Collected data entries
---

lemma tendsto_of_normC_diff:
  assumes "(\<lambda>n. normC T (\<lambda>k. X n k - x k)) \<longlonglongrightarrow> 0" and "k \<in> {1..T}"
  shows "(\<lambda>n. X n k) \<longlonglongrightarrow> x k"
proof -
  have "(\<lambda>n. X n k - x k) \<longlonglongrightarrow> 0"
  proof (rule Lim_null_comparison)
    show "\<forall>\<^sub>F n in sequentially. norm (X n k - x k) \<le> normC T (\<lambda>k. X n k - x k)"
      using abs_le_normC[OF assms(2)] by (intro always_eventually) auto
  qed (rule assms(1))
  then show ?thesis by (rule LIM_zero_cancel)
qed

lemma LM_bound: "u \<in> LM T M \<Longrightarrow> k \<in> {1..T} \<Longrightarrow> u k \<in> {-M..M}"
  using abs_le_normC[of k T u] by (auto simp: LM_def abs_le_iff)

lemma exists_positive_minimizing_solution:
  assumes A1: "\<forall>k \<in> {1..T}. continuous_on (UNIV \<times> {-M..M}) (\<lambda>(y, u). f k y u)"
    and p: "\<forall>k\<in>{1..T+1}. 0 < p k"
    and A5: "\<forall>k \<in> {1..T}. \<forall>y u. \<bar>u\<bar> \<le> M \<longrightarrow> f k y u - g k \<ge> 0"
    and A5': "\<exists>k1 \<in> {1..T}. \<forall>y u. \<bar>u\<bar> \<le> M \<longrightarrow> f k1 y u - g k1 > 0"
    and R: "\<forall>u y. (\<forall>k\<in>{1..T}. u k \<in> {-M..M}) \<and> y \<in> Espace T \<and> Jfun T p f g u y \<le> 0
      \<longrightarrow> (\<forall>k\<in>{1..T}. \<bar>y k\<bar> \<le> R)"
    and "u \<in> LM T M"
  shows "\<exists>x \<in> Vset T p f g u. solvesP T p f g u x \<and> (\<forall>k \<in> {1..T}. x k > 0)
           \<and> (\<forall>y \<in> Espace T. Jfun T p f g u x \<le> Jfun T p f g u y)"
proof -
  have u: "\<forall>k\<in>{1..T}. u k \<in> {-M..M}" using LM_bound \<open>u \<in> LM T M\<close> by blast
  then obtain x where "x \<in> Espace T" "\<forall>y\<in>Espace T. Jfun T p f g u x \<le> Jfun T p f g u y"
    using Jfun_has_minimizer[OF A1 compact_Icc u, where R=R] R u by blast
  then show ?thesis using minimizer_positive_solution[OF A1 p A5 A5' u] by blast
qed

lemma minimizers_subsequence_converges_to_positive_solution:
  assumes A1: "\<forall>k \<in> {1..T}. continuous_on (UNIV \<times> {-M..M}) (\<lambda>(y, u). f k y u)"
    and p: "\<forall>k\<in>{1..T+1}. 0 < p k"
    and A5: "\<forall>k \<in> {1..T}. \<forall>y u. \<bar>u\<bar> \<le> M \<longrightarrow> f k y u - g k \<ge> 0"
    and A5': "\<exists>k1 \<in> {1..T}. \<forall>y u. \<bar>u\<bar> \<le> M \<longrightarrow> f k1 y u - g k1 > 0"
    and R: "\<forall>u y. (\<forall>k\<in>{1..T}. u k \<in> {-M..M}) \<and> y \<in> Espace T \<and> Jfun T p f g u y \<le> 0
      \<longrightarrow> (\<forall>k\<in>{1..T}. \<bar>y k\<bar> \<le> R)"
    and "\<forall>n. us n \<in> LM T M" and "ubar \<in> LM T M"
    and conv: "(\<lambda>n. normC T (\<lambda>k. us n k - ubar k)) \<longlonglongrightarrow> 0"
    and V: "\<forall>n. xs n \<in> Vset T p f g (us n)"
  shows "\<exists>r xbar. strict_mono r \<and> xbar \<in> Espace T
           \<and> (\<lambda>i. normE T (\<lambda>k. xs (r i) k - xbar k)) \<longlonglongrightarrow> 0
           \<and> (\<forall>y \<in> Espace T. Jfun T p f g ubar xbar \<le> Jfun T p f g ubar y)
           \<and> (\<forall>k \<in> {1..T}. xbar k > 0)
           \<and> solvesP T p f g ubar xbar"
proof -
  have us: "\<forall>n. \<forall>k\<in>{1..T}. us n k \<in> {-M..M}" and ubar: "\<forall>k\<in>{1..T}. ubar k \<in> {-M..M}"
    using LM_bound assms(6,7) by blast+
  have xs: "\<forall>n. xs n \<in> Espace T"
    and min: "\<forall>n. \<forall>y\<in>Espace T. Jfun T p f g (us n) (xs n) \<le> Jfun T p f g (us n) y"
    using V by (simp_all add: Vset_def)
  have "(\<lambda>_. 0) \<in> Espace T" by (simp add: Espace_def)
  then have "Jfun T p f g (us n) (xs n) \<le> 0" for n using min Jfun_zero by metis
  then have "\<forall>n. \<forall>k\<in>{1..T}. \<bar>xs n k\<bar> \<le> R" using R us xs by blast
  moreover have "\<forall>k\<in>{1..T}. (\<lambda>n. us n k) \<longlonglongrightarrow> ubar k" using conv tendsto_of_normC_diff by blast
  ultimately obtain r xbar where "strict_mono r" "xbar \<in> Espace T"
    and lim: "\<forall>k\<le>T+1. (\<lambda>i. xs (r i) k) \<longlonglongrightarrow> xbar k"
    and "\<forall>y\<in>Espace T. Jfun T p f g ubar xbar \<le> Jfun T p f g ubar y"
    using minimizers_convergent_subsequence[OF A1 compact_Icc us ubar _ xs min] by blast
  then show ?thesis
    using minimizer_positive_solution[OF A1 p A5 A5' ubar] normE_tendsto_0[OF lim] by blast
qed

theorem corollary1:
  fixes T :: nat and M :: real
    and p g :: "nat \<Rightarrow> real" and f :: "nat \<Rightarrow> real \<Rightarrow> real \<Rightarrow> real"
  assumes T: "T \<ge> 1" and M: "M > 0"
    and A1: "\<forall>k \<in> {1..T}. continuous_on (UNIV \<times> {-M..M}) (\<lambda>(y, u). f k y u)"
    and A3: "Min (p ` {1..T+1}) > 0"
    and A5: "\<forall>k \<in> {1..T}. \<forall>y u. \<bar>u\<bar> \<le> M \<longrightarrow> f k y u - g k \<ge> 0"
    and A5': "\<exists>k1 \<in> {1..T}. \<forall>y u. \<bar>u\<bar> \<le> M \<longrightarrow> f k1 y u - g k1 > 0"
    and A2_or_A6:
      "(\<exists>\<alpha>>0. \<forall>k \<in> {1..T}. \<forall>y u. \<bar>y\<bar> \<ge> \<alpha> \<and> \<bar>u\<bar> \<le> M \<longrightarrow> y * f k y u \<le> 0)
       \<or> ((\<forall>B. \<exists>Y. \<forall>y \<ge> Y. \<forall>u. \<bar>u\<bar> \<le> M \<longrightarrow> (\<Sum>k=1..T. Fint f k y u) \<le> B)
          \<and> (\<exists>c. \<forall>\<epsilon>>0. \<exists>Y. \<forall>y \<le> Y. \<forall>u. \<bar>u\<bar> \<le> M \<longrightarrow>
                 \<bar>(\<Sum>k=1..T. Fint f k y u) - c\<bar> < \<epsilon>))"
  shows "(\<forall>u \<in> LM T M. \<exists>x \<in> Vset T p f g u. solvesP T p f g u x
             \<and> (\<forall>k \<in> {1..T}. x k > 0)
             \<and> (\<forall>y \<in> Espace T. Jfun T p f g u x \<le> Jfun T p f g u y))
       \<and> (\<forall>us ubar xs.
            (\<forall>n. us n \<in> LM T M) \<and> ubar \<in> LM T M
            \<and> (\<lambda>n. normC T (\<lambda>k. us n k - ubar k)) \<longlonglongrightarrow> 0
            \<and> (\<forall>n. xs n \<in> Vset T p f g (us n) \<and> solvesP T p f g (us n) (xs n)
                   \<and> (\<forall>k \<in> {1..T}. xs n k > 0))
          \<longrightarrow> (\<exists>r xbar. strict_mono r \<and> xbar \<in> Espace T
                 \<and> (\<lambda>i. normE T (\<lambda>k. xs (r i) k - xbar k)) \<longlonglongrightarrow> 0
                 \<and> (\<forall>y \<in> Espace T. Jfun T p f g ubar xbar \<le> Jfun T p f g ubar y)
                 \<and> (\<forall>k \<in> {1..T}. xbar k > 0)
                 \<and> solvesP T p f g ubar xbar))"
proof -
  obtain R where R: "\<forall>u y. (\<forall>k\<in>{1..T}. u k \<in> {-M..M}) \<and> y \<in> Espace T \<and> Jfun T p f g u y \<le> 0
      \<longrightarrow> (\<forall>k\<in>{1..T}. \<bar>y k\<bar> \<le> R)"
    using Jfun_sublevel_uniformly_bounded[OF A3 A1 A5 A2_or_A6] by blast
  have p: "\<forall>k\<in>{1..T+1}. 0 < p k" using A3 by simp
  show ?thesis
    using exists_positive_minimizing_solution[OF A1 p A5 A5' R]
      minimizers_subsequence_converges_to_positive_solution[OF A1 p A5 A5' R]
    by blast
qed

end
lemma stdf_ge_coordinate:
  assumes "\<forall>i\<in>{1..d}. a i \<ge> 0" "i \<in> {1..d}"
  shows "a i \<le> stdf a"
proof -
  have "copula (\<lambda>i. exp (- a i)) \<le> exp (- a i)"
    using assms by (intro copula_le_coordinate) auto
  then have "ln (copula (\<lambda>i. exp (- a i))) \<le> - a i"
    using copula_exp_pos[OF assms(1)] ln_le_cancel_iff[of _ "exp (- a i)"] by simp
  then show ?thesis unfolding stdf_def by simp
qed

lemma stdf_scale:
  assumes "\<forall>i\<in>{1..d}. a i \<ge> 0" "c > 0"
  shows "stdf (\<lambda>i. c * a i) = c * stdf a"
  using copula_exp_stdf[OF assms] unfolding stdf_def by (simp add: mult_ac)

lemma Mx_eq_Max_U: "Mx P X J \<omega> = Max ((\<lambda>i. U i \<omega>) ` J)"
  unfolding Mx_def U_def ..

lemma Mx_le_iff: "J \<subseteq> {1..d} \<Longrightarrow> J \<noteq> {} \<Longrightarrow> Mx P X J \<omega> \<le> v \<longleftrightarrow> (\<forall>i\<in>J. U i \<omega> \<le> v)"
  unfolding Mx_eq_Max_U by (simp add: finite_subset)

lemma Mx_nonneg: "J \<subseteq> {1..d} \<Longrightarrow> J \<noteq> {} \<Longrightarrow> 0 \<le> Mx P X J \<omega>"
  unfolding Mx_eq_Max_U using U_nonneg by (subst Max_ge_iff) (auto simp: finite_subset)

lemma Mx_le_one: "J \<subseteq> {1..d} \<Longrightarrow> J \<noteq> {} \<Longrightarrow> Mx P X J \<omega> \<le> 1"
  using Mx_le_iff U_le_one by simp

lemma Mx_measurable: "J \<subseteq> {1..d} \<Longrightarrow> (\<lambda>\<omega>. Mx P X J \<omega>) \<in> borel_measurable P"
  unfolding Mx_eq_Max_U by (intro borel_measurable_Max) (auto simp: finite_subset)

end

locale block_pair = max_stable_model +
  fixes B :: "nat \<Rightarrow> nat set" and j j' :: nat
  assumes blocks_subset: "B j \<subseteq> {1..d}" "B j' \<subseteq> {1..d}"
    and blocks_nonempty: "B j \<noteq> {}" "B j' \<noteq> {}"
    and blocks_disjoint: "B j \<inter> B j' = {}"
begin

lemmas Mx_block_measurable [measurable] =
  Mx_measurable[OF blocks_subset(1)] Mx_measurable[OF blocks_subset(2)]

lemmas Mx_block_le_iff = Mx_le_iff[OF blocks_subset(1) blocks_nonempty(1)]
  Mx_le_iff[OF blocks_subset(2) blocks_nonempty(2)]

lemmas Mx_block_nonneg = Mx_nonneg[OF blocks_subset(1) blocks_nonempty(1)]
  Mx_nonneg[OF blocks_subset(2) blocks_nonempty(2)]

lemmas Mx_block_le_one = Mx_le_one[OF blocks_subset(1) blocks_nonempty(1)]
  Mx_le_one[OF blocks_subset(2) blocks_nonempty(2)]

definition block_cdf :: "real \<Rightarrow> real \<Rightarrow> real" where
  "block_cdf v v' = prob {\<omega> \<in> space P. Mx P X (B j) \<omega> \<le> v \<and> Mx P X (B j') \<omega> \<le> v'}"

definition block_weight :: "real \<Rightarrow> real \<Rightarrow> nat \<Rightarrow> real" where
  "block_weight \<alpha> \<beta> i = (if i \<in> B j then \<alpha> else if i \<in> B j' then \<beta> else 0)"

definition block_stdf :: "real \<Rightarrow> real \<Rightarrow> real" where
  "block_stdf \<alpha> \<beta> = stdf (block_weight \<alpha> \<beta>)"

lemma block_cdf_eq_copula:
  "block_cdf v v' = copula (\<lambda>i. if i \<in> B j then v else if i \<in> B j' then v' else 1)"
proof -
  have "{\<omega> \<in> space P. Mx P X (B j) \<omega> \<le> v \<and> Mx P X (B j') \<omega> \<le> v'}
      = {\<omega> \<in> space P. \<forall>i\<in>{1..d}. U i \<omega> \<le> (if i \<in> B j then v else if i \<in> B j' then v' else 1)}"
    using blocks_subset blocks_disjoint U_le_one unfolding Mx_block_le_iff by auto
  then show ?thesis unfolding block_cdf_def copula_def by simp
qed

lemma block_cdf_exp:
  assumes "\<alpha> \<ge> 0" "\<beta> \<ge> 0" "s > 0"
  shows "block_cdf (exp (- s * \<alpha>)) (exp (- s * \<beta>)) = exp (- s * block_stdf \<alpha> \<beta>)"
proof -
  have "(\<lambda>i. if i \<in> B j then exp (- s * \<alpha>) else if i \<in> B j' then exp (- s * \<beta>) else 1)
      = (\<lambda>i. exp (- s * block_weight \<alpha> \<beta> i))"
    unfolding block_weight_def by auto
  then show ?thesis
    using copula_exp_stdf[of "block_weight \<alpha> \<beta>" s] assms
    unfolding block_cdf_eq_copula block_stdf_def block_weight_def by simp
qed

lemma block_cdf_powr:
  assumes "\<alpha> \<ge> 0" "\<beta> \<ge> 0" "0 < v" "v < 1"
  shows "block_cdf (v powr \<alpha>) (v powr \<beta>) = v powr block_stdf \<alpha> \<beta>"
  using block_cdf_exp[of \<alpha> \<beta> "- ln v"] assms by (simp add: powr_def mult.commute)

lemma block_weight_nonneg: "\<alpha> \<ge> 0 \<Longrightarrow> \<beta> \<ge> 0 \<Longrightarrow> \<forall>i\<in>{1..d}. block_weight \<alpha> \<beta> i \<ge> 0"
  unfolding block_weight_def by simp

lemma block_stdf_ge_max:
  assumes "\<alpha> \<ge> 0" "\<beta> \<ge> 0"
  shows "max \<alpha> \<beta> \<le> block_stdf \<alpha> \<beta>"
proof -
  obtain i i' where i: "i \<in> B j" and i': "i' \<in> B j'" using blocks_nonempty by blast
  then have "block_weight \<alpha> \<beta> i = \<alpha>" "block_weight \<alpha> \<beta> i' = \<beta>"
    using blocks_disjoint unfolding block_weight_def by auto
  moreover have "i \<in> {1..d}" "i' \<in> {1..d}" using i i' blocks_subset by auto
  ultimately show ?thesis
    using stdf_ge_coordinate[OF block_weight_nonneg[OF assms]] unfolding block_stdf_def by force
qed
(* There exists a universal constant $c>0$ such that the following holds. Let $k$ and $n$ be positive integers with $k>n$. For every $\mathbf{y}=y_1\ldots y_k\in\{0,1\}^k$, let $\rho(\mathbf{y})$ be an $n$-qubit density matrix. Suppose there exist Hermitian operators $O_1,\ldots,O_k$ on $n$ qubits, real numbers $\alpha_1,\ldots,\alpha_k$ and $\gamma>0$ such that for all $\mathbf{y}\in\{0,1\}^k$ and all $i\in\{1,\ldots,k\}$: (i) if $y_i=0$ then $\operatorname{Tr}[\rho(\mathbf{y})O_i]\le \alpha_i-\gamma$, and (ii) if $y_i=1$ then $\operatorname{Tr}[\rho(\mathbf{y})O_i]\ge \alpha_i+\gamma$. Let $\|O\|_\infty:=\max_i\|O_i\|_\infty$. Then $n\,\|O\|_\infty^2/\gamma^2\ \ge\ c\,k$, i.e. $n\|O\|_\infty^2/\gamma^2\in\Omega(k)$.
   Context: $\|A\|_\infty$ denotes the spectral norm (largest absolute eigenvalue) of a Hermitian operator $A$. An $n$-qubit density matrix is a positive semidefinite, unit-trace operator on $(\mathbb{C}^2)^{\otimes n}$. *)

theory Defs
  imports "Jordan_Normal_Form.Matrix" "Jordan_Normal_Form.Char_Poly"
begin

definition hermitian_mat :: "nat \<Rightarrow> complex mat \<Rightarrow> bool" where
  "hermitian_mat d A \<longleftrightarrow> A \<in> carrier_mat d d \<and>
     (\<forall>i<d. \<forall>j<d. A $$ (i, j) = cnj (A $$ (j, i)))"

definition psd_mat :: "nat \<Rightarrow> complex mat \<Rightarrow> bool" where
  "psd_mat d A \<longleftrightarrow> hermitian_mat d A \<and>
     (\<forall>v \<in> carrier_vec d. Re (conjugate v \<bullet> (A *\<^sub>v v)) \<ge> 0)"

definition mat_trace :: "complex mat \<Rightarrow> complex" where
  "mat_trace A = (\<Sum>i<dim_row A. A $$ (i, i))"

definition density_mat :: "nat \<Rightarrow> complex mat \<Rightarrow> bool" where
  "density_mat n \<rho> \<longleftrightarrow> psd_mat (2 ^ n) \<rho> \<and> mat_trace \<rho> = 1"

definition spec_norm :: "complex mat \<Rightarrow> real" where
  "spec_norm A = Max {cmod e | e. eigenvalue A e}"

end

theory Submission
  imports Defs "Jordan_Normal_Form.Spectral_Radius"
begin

---

### [EXERCISE AIM]
Taking the entries above, write out exactly the lines starting with the line containing "using block_cdf_exp[of \<alpha>" and going on through the line containing "obtain i i'", both included, and nothing else.

### [SOLUTION]
  using block_cdf_exp[of \<alpha> \<beta> "- ln v"] assms by (simp add: powr_def mult.commute)

lemma block_weight_nonneg: "\<alpha> \<ge> 0 \<Longrightarrow> \<beta> \<ge> 0 \<Longrightarrow> \<forall>i\<in>{1..d}. block_weight \<alpha> \<beta> i \<ge> 0"
  unfolding block_weight_def by simp

lemma block_stdf_ge_max:
  assumes "\<alpha> \<ge> 0" "\<beta> \<ge> 0"
  shows "max \<alpha> \<beta> \<le> block_stdf \<alpha> \<beta>"
proof -
  obtain i i' where i: "i \<in> B j" and i': "i' \<in> B j'" using blocks_nonempty by blast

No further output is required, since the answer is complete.